Following industry feedback, the U.S. Department of Housing and Urban Development issued guidance to its Hub and Field Offices on June 26, 2013, to modify Housing Notice H 2013-17, which deals with the developer fees and loan proceeds in the prepayment and refinancing of Section 202 direct loans.
The purpose of the Section 202 Direct Loan Program is to provide direct, federal loans to assist private, nonprofit corporations and consumer cooperatives in the development of new or substantially rehabilitated housing and related facilities to serve the elderly, physically handicapped, developmentally disabled or chronically mentally ill. Any borrower using Section 223(f) to refinance such loans after the issuance of the notice will be subject to the language issued in the June 26, 2013, guidance.

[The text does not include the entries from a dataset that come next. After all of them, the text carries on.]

lemma integrable_mult_continuous_off_point:
  fixes f k :: "real \<Rightarrow> real"
  assumes f: "continuous_on ({a..b} - {z}) f" "\<forall>t\<in>{a..b} - {z}. \<bar>f t\<bar> \<le> M"
    and k: "continuous_on {a..b} k"
  shows "(\<lambda>t. f t * k t) integrable_on {a..b}"
proof -
  obtain B where B: "\<forall>t\<in>{a..b}. \<bar>k t\<bar> \<le> B"
    using compact_imp_bounded[OF compact_continuous_image[OF k compact_Icc]]
    by (auto simp: bounded_iff)
  show ?thesis
  proof (rule integrable_on_bounded_continuous_off_point)
    show "continuous_on ({a..b} - {z}) (\<lambda>t. f t * k t)"
      by (intro continuous_intros f continuous_on_subset[OF k]) auto
    show "\<forall>t\<in>{a..b} - {z}. \<bar>f t * k t\<bar> \<le> M * B"
      using f(2) B by (auto simp: abs_mult intro: mult_mono')
  qed
qed

lemma integral_mult_kernel_approx:
  fixes f k :: "real \<Rightarrow> real"
  assumes pq: "a \<le> p" "q \<le> b"
    and f: "continuous_on ({a..b} - {z}) f" "\<forall>t\<in>{a..b} - {z}. \<bar>f t\<bar> \<le> M"
    and f_near: "\<forall>t\<in>{p..q} - {z}. \<bar>f t - v\<bar> \<le> L"
    and k: "continuous_on {a..b} k" "\<forall>t\<in>{a..b}. 0 \<le> k t"
    and k_mass: "(k has_integral 1) {p..q}" "(k has_integral K) {a..b}"
  shows "\<bar>integral {a..b} (\<lambda>t. f t * k t) - v\<bar> \<le> L + M * (K - 1)"
proof -
  define k_near where "k_near t = (if t \<in> {p..q} then k t else 0)" for t
  define h where "h t = f t * k t - v * k_near t" for t
  define bound where "bound t = M * k t - (M - L) * k_near t" for t
  have near: "(k_near has_integral 1) {a..b}"
    unfolding k_near_def using has_integral_restrict_closed_subinterval[of k 1 p q a b] k_mass pq
    by simp
  have fk: "(\<lambda>t. f t * k t) integrable_on {a..b}"
    by (rule integrable_mult_continuous_off_point[OF f k(1)])
  have "(h has_integral integral {a..b} (\<lambda>t. f t * k t) - v) {a..b}"
    unfolding h_def
    using has_integral_diff[OF integrable_integral[OF fk] has_integral_mult_right[OF near]] by simp
  then have h: "(h has_integral integral {a..b} (\<lambda>t. f t * k t) - v) ({a..b} - {z})"
    by (simp add: has_integral_Diff_singleton_iff)
  have "(bound has_integral M * K - (M - L) * 1) {a..b}"
    unfolding bound_def
    using has_integral_diff[OF has_integral_mult_right[OF k_mass(2)] has_integral_mult_right[OF near]] .
  then have bound: "(bound has_integral L + M * (K - 1)) ({a..b} - {z})"
    by (simp add: has_integral_Diff_singleton_iff algebra_simps)
  have "norm (integral ({a..b} - {z}) h) \<le> integral ({a..b} - {z}) bound"
  proof (rule integral_norm_bound_integral)
    fix t assume t: "t \<in> {a..b} - {z}"
    show "norm (h t) \<le> bound t"
    proof (cases "t \<in> {p..q}")
      case True
      then have "norm (h t) = \<bar>f t - v\<bar> * k t"
        using k(2) t by (simp add: h_def k_near_def abs_mult flip: left_diff_distrib)
      also have "\<dots> \<le> L * k t"
        using True f_near k(2) t by (intro mult_right_mono) auto
      also have "\<dots> = bound t"
        using True by (simp add: bound_def k_near_def algebra_simps)
      finally show ?thesis .
    next
      case False
      then have "k_near t = 0"
        unfolding k_near_def by auto
      moreover have "\<bar>f t\<bar> * k t \<le> M * k t"
        using f(2) k(2) t by (intro mult_right_mono) auto
      ultimately show ?thesis
        using k(2) t by (simp add: h_def bound_def abs_mult)
    qed
  qed (use h bound in blast)+
  then show ?thesis
    using h bound by (simp add: integral_unique)
qed

lemma convex_Icc_Diff_singleton:
  fixes p q z :: real
  assumes "z \<notin> {p<..<q}"
  shows "convex ({p..q} - {z})"
  unfolding is_interval_convex_1[symmetric] is_interval_1
  using assms by fastforce

lemma abs_diff_le_deriv_bound_off_point:
  fixes f f' :: "real \<Rightarrow> real"
  assumes "z \<notin> {p<..<q}"
    and "\<forall>x\<in>{p..q} - {z}. (f has_real_derivative f' x) (at x within {p..q} - {z})"
    and "\<forall>x\<in>{p..q} - {z}. \<bar>f' x\<bar> \<le> B"
    and "s \<in> {p..q} - {z}" "t \<in> {p..q} - {z}"
  shows "\<bar>f t - f s\<bar> \<le> B * \<bar>t - s\<bar>"
  using field_differentiable_bound[OF convex_Icc_Diff_singleton[OF assms(1)], of f f' B t s] assms(2-)
  by simp
lemma cycle_edges_rotate1: "cycle_edges E (rotate1 xs) = cycle_edges E xs"
proof (cases xs)
  case (Cons x ys)
  then show ?thesis
    using path_edges_append[of ys "[x]" E]
    by (cases ys) (auto simp: cycle_edges_def)
qed simp

lemma cycle_edges_rotate: "cycle_edges E (rotate m xs) = cycle_edges E xs"
  by (induction m) (simp_all add: cycle_edges_rotate1)

lemma cycle_edges_le_length: "cycle_edges E xs \<le> length xs"
proof -
  have "path_edges E xs \<le> length xs - 1"
    by (induction E xs rule: path_edges.induct) auto
  then show ?thesis
    by (cases xs) (auto simp: cycle_edges_def)
qed

lemma card_nth_indices:
  assumes "distinct xs"
  shows "card {j. j < length xs \<and> P (xs ! j)} = card {y \<in> set xs. P y}"
proof -
  have "{y \<in> set xs. P y} = (!) xs ` {j. j < length xs \<and> P (xs ! j)}"
    by (auto simp: in_set_conv_nth)
  moreover have "inj_on ((!) xs) {j. j < length xs \<and> P (xs ! j)}"
    using assms by (auto intro: inj_on_nth)
  ultimately show ?thesis
    by (simp add: card_image)
qed

lemma posa_crossing_index:
  assumes "distinct xs" "xs \<noteq> []" "\<not> P (hd xs)" "\<not> Q (last xs)"
    and "length xs \<le> card {y \<in> set xs. P y} + card {y \<in> set xs. Q y}"
  obtains i where "Suc i < length xs" "P (xs ! Suc i)" "Q (xs ! i)"
proof -
  let ?n = "length xs"
  define A where "A = {i. Suc i < ?n \<and> P (xs ! Suc i)}"
  define B where "B = {i. Suc i < ?n \<and> Q (xs ! i)}"
  have "Suc ` A = {j. j < ?n \<and> P (xs ! j)}"
  proof (intro set_eqI iffI)
    fix j assume j: "j \<in> {j. j < ?n \<and> P (xs ! j)}"
    with assms(2,3) have "j \<noteq> 0" by (metis hd_conv_nth mem_Collect_eq)
    with j show "j \<in> Suc ` A"
      unfolding A_def by (auto intro!: image_eqI[of _ _ "j - 1"])
  qed (auto simp: A_def)
  then have card_A: "card A = card {y \<in> set xs. P y}"
    using card_nth_indices[OF assms(1)] card_image[of Suc A] by simp
  have "B = {j. j < ?n \<and> Q (xs ! j)}"
  proof (intro set_eqI iffI)
    fix j assume j: "j \<in> {j. j < ?n \<and> Q (xs ! j)}"
    with assms(2,4) have "j \<noteq> ?n - 1" by (auto simp: last_conv_nth)
    with j show "j \<in> B"
      unfolding B_def by auto
  qed (auto simp: B_def)
  then have card_B: "card B = card {y \<in> set xs. Q y}"
    using card_nth_indices[OF assms(1)] by simp
  have "A \<inter> B \<noteq> {}"
  proof
    assume "A \<inter> B = {}"
    have "A \<union> B \<subseteq> {..< ?n - 1}"
      unfolding A_def B_def by auto
    then have "card (A \<union> B) \<le> ?n - 1"
      using card_mono[of "{..< ?n - 1}" "A \<union> B"] by simp
    moreover have "finite A" "finite B"
      using \<open>A \<union> B \<subseteq> {..< ?n - 1}\<close> finite_subset by blast+
    ultimately have "card A + card B \<le> ?n - 1"
      using card_Un_disjoint \<open>A \<inter> B = {}\<close> by metis
    moreover have "0 < ?n"
      using assms(2) by simp
    ultimately show False
      using assms(5) card_A card_B by linarith
  qed
  then show thesis
    using that unfolding A_def B_def by blast
qed

lemma cycle_edges_increase:
  assumes "symp E" "irreflp E" "distinct xs" "xs \<noteq> []" "\<not> E (last xs) (hd xs)"
    and "length xs \<le> card {y \<in> set xs. E (hd xs) y} + card {y \<in> set xs. E (last xs) y}"
  obtains ys where "distinct ys" "set ys = set xs" "cycle_edges E xs < cycle_edges E ys"
proof -
  have "\<not> E (hd xs) (hd xs)" "\<not> E (last xs) (last xs)"
    using assms(2) by (simp_all add: irreflpD)
  then obtain i where i: "Suc i < length xs" "E (hd xs) (xs ! Suc i)" "E (last xs) (xs ! i)"
    using posa_crossing_index[of xs "E (hd xs)" "E (last xs)"] assms(3,4,6) by blast
  define as where "as = take (Suc i) xs"
  define bs where "bs = drop (Suc i) xs"
  have xs: "xs = as @ bs" and ne: "as \<noteq> []" "bs \<noteq> []"
    using i(1) unfolding as_def bs_def by auto
  have ends: "last as = xs ! i" "hd bs = xs ! Suc i" "hd as = hd xs" "last bs = last xs"
    using i(1) unfolding as_def bs_def
    by (simp add: take_Suc_conv_app_nth, simp add: hd_drop_conv_nth, simp add: hd_take, simp)
  have "\<not> E (last bs) (hd as)"
    using assms(5) ends by simp
  then have "cycle_edges E xs \<le> path_edges E as + 1 + path_edges E bs"
    unfolding xs cycle_edges_def using ne by (simp add: path_edges_append)
  moreover have "cycle_edges E (as @ rev bs) = path_edges E as + 1 + path_edges E bs + 1"
  proof -
    have "path_edges E (as @ rev bs) = path_edges E as + 1 + path_edges E bs"
    proof -
      have "E (last as) (hd (rev bs))"
        using ne ends sympD[OF assms(1) i(3)] by (simp add: hd_rev)
      then show ?thesis
        using path_edges_append[of as "rev bs" E] ne path_edges_rev[OF assms(1), of bs] by simp
    qed
    moreover have "E (last (as @ rev bs)) (hd (as @ rev bs))"
      using ne ends sympD[OF assms(1) i(2)] by (simp add: last_rev)
    ultimately show ?thesis
      unfolding cycle_edges_def using ne by simp
  qed
  ultimately have "cycle_edges E xs < cycle_edges E (as @ rev bs)"
    by linarith
  moreover have "distinct (as @ rev bs)" "set (as @ rev bs) = set xs"
    using assms(3) unfolding xs by auto
  ultimately show thesis
    using that by blast
qed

Under the guidance, nonprofit borrowers/owners may have a developer fee as part of the operating expenses and may also take cash-out if the property has at or below market rents. If the property has above market rents, the nonprofit borrower/owner may only take a developer fee but no cash-out. Refinancing applications submitted under the Low Income Housing Tax Credit Pilot or the Rental Assistance Demonstration (RAD) Program may have a developer fee. For all other 202 refinancing through Section 223(f), only loan proceeds above the refinancing amount and below the 80 percent loan-to-value threshold may be used for a developer fee, with other proceeds being placed back into property improvements or reserves.
The guidance also offers clarification on the use of loan refinance proceeds at additional HUD-assisted properties located in different geographic markets.